# Mint 18, PC friert bei einem USB-Stick komplett ein, woran kann das liegen?



## Tim1974 (4. Januar 2017)

Hallo,

ich hab heute etwas seltsames festgestellt, als ich Backup auf 2 USB-Sticks machte. Beim ersten Stick, einem Sony USB3.0-Stick mit 64 GB, angeschlossen am Top-Panel am USB 2.0 Anschluss, klappte alles problemlos, waren nur ein paar Datein zu kopieren, dann beim zweiten Stick, einem Verbatim USB2.0 Stick mit 32 GB, der sehr voll war, vermutlich zu voll dafür, daß die Datein noch raufgepaßt hätten, fror der PC komplett ein, der Mauszeiger hing an einer Stelle fest und es ging absolut nichts mehr.

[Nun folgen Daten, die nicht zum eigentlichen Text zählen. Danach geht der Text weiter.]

(* Let $\mathcal{A}\in\mathbb{R}^{n\times n\times n}$ and $\mathcal{E}\in\mathbb{R}^{n\times n\times n}$ be such that $\mathcal{A}$ and $\tilde{\mathcal{A}}=\mathcal{A}+\mathcal{E}$ are piezoelectric-type tensors. Then $$\Big[\sqrt{(\lambda_{C\max}(\mathcal{A}))^2+\lambda_{Z\min}(\mathcal{S}_{\tilde{\mathcal{A}}}-\mathcal{S}_{\mathcal{A}})},\ \sqrt{(\lambda_{C\max}(\mathcal{A}))^2+\lambda_{Z\max}(\mathcal{S}_{\tilde{\mathcal{A}}}-\mathcal{S}_{\mathcal{A}})}\Big]\subseteq\big[\lambda_{C\max}(\mathcal{A})-\lambda_{C\max}(\mathcal{E}),\ \lambda_{C\max}(\mathcal{A})+\lambda_{C\max}(\mathcal{E})\big].$$
   Context: A tensor $\mathcal{A}=(a_{ijk})\in\mathbb{R}^{n\times n\times n}$ is piezoelectric-type if $a_{ijk}=a_{ikj}$ for all $i,j,k$ (so $\mathcal{E}$ is piezoelectric-type too). For such $\mathcal{A}$, $\lambda_{C\max}(\mathcal{A})=\max\{\sum_{i,j,k}a_{ijk}x_iy_jy_k:\ \mathbf{x},\mathbf{y}\in\mathbb{R}^n,\ \mathbf{x}^T\mathbf{x}=\mathbf{y}^T\mathbf{y}=1\}$ is its largest $C$-eigenvalue (a $C$-eigenvalue being a real $\lambda$ with unit $\mathbf{x},\mathbf{y}$ satisfying $\sum_{j,k}a_{ijk}y_jy_k=\lambda x_i$ and $\sum_{j,k}a_{jki}x_jy_k=\lambda y_i$ for all $i$). The symmetric fourth-order tensor $\mathcal{S}_{\mathcal{A}}=(\bar b_{i_1i_2i_3i_4})$ is defined by $\bar b_{i_1i_2i_3i_4}=\frac13(b_{i_1i_2i_3i_4}+b_{i_1i_3i_2i_4}+b_{i_1i_4i_2i_3})$, where $b_{i_1i_2i_3i_4}=\sum_{i=1}^n a_{ii_1i_2}a_{ii_3i_4}$. For a symmetric fourth-order tensor $\mathcal{T}=(t_{i_1i_2i_3i_4})$, a $Z$-eigenvalue is a real $\lambda$ with some $\mathbf{x}\in\mathbb{R}^n$, $\mathbf{x}^T\mathbf{x}=1$, such that $\sum_{i_2,i_3,i_4}t_{ii_2i_3i_4}x_{i_2}x_{i_3}x_{i_4}=\lambda x_i$ for all $i$; $\lambda_{Z\max}(\mathcal{T})$ and $\lambda_{Z\min}(\mathcal{T})$ denote the largest and smallest $Z$-eigenvalues, which equal respectively the maximum and minimum of $\mathcal{T}\mathbf{x}^4=\sum t_{i_1i_2i_3i_4}x_{i_1}x_{i_2}x_{i_3}x_{i_4}$ over unit vectors $\mathbf{x}\in\mathbb{R}^n$. *)

theory Defs
  imports Complex_Main
begin

text \<open>Third-order tensors in R^{n x n x n} are functions 'n => 'n => 'n => real over a
finite index type 'n (n = CARD('n)); fourth-order tensors analogously.
Vectors in R^n are functions 'n => real.\<close>

type_synonym ('n) tensor3 = "'n \<Rightarrow> 'n \<Rightarrow> 'n \<Rightarrow> real"
type_synonym ('n) tensor4 = "'n \<Rightarrow> 'n \<Rightarrow> 'n \<Rightarrow> 'n \<Rightarrow> real"

definition unit_vec :: "('n::finite \<Rightarrow> real) \<Rightarrow> bool" where
  "unit_vec x \<longleftrightarrow> (\<Sum>i\<in>UNIV. x i * x i) = 1"

definition piezo_type :: "('n::finite) tensor3 \<Rightarrow> bool" where
  "piezo_type A \<longleftrightarrow> (\<forall>i j k. A i j k = A i k j)"

definition tadd3 :: "('n::finite) tensor3 \<Rightarrow> 'n tensor3 \<Rightarrow> 'n tensor3" where
  "tadd3 A E = (\<lambda>i j k. A i j k + E i j k)"

definition tsub4 :: "('n::finite) tensor4 \<Rightarrow> 'n tensor4 \<Rightarrow> 'n tensor4" where
  "tsub4 S T = (\<lambda>i1 i2 i3 i4. S i1 i2 i3 i4 - T i1 i2 i3 i4)"

definition lambda_Cmax :: "('n::finite) tensor3 \<Rightarrow> real" where
  "lambda_Cmax A = Sup {(\<Sum>i\<in>UNIV. \<Sum>j\<in>UNIV. \<Sum>k\<in>UNIV. A i j k * x i * y j * y k)
                        | x y. unit_vec x \<and> unit_vec y}"

definition S_of :: "('n::finite) tensor3 \<Rightarrow> 'n tensor4" where
  "S_of A = (let b = (\<lambda>i1 i2 i3 i4. \<Sum>i\<in>UNIV. A i i1 i2 * A i i3 i4) in
     (\<lambda>i1 i2 i3 i4. (b i1 i2 i3 i4 + b i1 i3 i2 i4 + b i1 i4 i2 i3) / 3))"

definition Z_eigenvalue :: "('n::finite) tensor4 \<Rightarrow> real \<Rightarrow> bool" where
  "Z_eigenvalue T lam \<longleftrightarrow> (\<exists>x. unit_vec x \<and>
      (\<forall>i. (\<Sum>i2\<in>UNIV. \<Sum>i3\<in>UNIV. \<Sum>i4\<in>UNIV. T i i2 i3 i4 * x i2 * x i3 * x i4) = lam * x i))"

definition lambda_Zmax :: "('n::finite) tensor4 \<Rightarrow> real" where
  "lambda_Zmax T = Sup {lam. Z_eigenvalue T lam}"

definition lambda_Zmin :: "('n::finite) tensor4 \<Rightarrow> real" where
  "lambda_Zmin T = Inf {lam. Z_eigenvalue T lam}"

end

theory Submission
  imports Defs "HOL-Analysis.Analysis"
begin

text \<open>For every tensor A the quartic form of S_A is x \<mapsto> norm (A x^2)^2, where
  (A x^2)_i = \<Sum>j k. a_ijk x_j x_k. Hence a Z-eigenvalue of S_{A+E} - S_A with unit eigenvector x
  equals norm ((A+E) x^2)^2 - norm (A x^2)^2. By Cauchy-Schwarz norm (A x^2) \<le> \<lambda>_Cmax(A), and
  the two norms differ by at most norm (E x^2) \<le> \<lambda>_Cmax(E); so with c = \<lambda>_Cmax(A) and
  e = \<lambda>_Cmax(E) every Z-eigenvalue \<lambda> satisfies max(c - e, 0)^2 \<le> c^2 + \<lambda> \<le> (c + e)^2.
  For piezoelectric-type tensors S_{A+E} - S_A is fully symmetric, so a maximiser of its quartic
  form on the unit sphere is a Z-eigenvector (Lagrange multipliers); thus the set of Z-eigenvalues
  is nonempty and its supremum and infimum obey the same bounds.\<close>

definition sum4 :: "('n::finite \<Rightarrow> 'n \<Rightarrow> 'n \<Rightarrow> 'n \<Rightarrow> real) \<Rightarrow> real" where
  "sum4 f = (\<Sum>a\<in>UNIV. \<Sum>b\<in>UNIV. \<Sum>c\<in>UNIV. \<Sum>d\<in>UNIV. f a b c d)"

lemma sum4_swap12: "sum4 (\<lambda>a b c d. f b a c d) = sum4 f"
  unfolding sum4_def by (rule sum.swap)

lemma sum4_swap23: "sum4 (\<lambda>a b c d. f a c b d) = sum4 f"
  unfolding sum4_def by (rule sum.cong[OF refl], rule sum.swap)

lemma sum4_swap34: "sum4 (\<lambda>a b c d. f a b d c) = sum4 f"
  unfolding sum4_def by (rule sum.cong[OF refl], rule sum.cong[OF refl], rule sum.swap)

lemma sum4_swap13: "sum4 (\<lambda>a b c d. f c b a d) = sum4 f"
  using sum4_swap12[of "\<lambda>a b c d. f c a b d"] sum4_swap23[of "\<lambda>a b c d. f b a c d"]
    sum4_swap12[of f]
  by simp
definition xdeg :: "'a::ab_group_add set \<Rightarrow> nat \<Rightarrow> (nat \<Rightarrow> 'a) \<Rightarrow> 'a \<Rightarrow> (nat \<Rightarrow> int)" where
  "xdeg G n eps \<gamma> = snd (THE p. fst p \<in> G \<and> snd p \<in> exps n \<and> \<gamma> = fst p + hvec n eps (snd p))"

definition is_MN :: "('a::linorder \<Rightarrow> 'k::zero) \<Rightarrow> bool" where
  "is_MN f \<longleftrightarrow> (\<forall>S \<subseteq> {\<gamma>. f \<gamma> \<noteq> 0}. S \<noteq> {} \<longrightarrow> (\<exists>m\<in>S. \<forall>s\<in>S. m \<le> s))"

definition mn_mult :: "('a::ab_group_add \<Rightarrow> 'k::comm_ring_1) \<Rightarrow> ('a \<Rightarrow> 'k) \<Rightarrow> 'a \<Rightarrow> 'k" where
  "mn_mult f g = (\<lambda>\<gamma>. \<Sum>(\<alpha>,\<beta>)\<in>{(\<alpha>,\<beta>). f \<alpha> \<noteq> 0 \<and> g \<beta> \<noteq> 0 \<and> \<alpha> + \<beta> = \<gamma>}. f \<alpha> * g \<beta>)"

definition mn_one :: "'a::zero \<Rightarrow> 'k::{zero,one}" where
  "mn_one = (\<lambda>\<gamma>. if \<gamma> = 0 then 1 else 0)"

definition mn_inv :: "('a::linordered_ab_group_add \<Rightarrow> 'k::field) \<Rightarrow> 'a \<Rightarrow> 'k" where
  "mn_inv f = (THE h. is_MN h \<and> mn_mult f h = mn_one)"

definition mn_prod :: "('a::ab_group_add \<Rightarrow> 'k::comm_ring_1) list \<Rightarrow> 'a \<Rightarrow> 'k" where
  "mn_prod fs = foldr mn_mult fs mn_one"

(* the monomial x_i = t^{eps i} *)
definition mn_x :: "(nat \<Rightarrow> 'a::zero) \<Rightarrow> nat \<Rightarrow> 'a \<Rightarrow> 'k::{zero,one}" where
  "mn_x eps i = (\<lambda>\<gamma>. if \<gamma> = eps i then 1 else 0)"

(* termwise partial derivative d/dx_j *)
definition mn_deriv :: "'a::ab_group_add set \<Rightarrow> nat \<Rightarrow> (nat \<Rightarrow> 'a) \<Rightarrow> nat \<Rightarrow> ('a \<Rightarrow> 'k::comm_ring_1) \<Rightarrow> 'a \<Rightarrow> 'k" where
  "mn_deriv G n eps j f = (\<lambda>\<gamma>. of_int (xdeg G n eps (\<gamma> + eps j) j) * f (\<gamma> + eps j))"

definition jac :: "'a::ab_group_add set \<Rightarrow> nat \<Rightarrow> (nat \<Rightarrow> 'a) \<Rightarrow> (nat \<Rightarrow> 'a \<Rightarrow> 'k::comm_ring_1) \<Rightarrow> 'a \<Rightarrow> 'k" where
  "jac G n eps F = (\<lambda>\<gamma>. \<Sum>p\<in>{p. p permutes {..<n}}.
      of_int (sign p) * mn_prod (map (\<lambda>i. mn_deriv G n eps (p i) (F i)) [0..<n]) \<gamma>)"

(* CT_x and Res_x: coefficients b_0 and b_(-1,...,-1), as elements of K_w[G] *)
definition CT :: "'a set \<Rightarrow> ('a \<Rightarrow> 'k::zero) \<Rightarrow> 'a \<Rightarrow> 'k" where
  "CT G f = (\<lambda>\<gamma>. if \<gamma> \<in> G then f \<gamma> else 0)"

definition Res :: "'a::ab_group_add set \<Rightarrow> nat \<Rightarrow> (nat \<Rightarrow> 'a) \<Rightarrow> ('a \<Rightarrow> 'k::zero) \<Rightarrow> 'a \<Rightarrow> 'k" where
  "Res G n eps f = (\<lambda>\<gamma>. if \<gamma> \<in> G then f (\<gamma> + hvec n eps (\<lambda>i. if i < n then -1 else 0)) else 0)"

definition xcomp :: "'a::ab_group_add set \<Rightarrow> nat \<Rightarrow> (nat \<Rightarrow> 'a) \<Rightarrow> ('a \<Rightarrow> 'k::zero) \<Rightarrow> (nat \<Rightarrow> int) \<Rightarrow> 'a \<Rightarrow> 'k" where
  "xcomp G n eps F k = (\<lambda>\<gamma>. if xdeg G n eps \<gamma> = k then F \<gamma> else 0)"

definition mn_ord :: "('a::linorder \<Rightarrow> 'k::zero) \<Rightarrow> 'a" where
  "mn_ord f = (LEAST \<gamma>. f \<gamma> \<noteq> 0)"

definition x_init_exp :: "'a::linordered_ab_group_add set \<Rightarrow> nat \<Rightarrow> (nat \<Rightarrow> 'a) \<Rightarrow> ('a \<Rightarrow> 'k::zero) \<Rightarrow> nat \<Rightarrow> int" where
  "x_init_exp G n eps F = (THE k. k \<in> exps n \<and> xcomp G n eps F k \<noteq> (\<lambda>_. 0) \<and>
      (\<forall>k'\<in>exps n. xcomp G n eps F k' \<noteq> (\<lambda>_. 0) \<longrightarrow>
          mn_ord (xcomp G n eps F k) \<le> mn_ord (xcomp G n eps F k')))"

definition jdet :: "'a::linordered_ab_group_add set \<Rightarrow> nat \<Rightarrow> (nat \<Rightarrow> 'a) \<Rightarrow> (nat \<Rightarrow> 'a \<Rightarrow> 'k::zero) \<Rightarrow> int" where
  "jdet G n eps F = det (mat n n (\<lambda>(i,j). x_init_exp G n eps (F i) j))"

definition LJ :: "'a::linordered_ab_group_add set \<Rightarrow> nat \<Rightarrow> (nat \<Rightarrow> 'a) \<Rightarrow> (nat \<Rightarrow> 'a \<Rightarrow> 'k::field) \<Rightarrow> 'a \<Rightarrow> 'k" where
  "LJ G n eps F = mn_mult (mn_prod (map (mn_x eps) [0..<n]))
      (mn_mult (mn_prod (map (\<lambda>i. mn_inv (F i)) [0..<n])) (jac G n eps F))"

end

theory Submission
  imports Defs "HOL-Combinatorics.Multiset_Permutations" "HOL-Library.Set_Algebras"
begin

text \<open>
  Each nonzero series factors as \<open>F\<^sub>i = c\<^sub>i t\<^bsup>m\<^sub>i\<^esup> (1 + h\<^sub>i)\<close> with \<open>m\<^sub>i\<close> its order
  and \<open>h\<^sub>i\<close> supported in the positive cone, so the logarithmic derivative
  \<open>x\<^sub>j \<partial>\<^sub>j F\<^sub>i / F\<^sub>i\<close> equals \<open>b\<^sub>i\<^sub>j + x\<^sub>j \<partial>\<^sub>j h\<^sub>i / (1 + h\<^sub>i)\<close>,
  where \<open>b\<^sub>i\<close> is the \<open>x\<close>-exponent of \<open>t\<^bsup>m\<^sub>i\<^esup>\<close>. As \<open>LJ\<close> is the determinant of these
  logarithmic derivatives, \<open>CT\<^sub>x LJ\<close> is the \<open>x\<close>-free part of
  \<open>det (b\<^sub>i\<^sub>j + x\<^sub>j \<partial>\<^sub>j h\<^sub>i / (1 + h\<^sub>i))\<close>. Expanding \<open>(1 + h\<^sub>i)\<^sup>-\<^sup>1\<close> as a geometric series
  (Neumann's lemma makes all coefficient sums finite), that part becomes a sum over tuples of
  words, word \<open>i\<close> spelled in the support of \<open>h\<^sub>i\<close>, whose letters add up to an \<open>x\<close>-free
  exponent. Each tuple contributes a weight times the integer determinant whose row \<open>i\<close> is
  \<open>b\<^sub>i\<close> if word \<open>i\<close> is empty and the \<open>x\<close>-exponent of its first letter otherwise.
  The weights do not change when the words are rearranged, and summing row \<open>i\<close> over the
  rearrangements of a nonempty word gives, up to a positive integer factor, the total
  \<open>x\<close>-exponent of that word. These totals add up to zero, so only the tuple of empty words
  survives; it contributes \<open>det (b\<^sub>i\<^sub>j)\<close>. No division occurs, so the argument works in every
  characteristic.
\<close>

section \<open>Well-ordered subsets of an ordered group\<close>

definition well_ordered :: "'a::linorder set \<Rightarrow> bool" where
  "well_ordered S \<longleftrightarrow> (\<forall>T\<subseteq>S. T \<noteq> {} \<longrightarrow> (\<exists>m\<in>T. \<forall>s\<in>T. m \<le> s))"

Auch Alt+Druck+B und Alt+Druck+O zeigten keinerlei Wirkung mehr, selbst der Reset-Knopf am PC-Gehäuse war wirkungslos, es half nur den Power-Knopf gedrückt zu halten, bis er von selbst aus ging, dann wieder anzumachen, erneut hochzufahren und beim zweiten Versuch klappte es problemlos mit dem selben USB-Stick.

Hat jemand eine Ahnung woran das gelegen haben könnte?

Nahezu das gleiche ist im Verwandtenkreis bei einem Laptop, ebenfalls mit Linux Mint 18 passiert, auch komplett eingefroren, war nicht leicht den überhaupt aus zu bekommen.

Gruß
Tim


----------



## mattinator (4. Januar 2017)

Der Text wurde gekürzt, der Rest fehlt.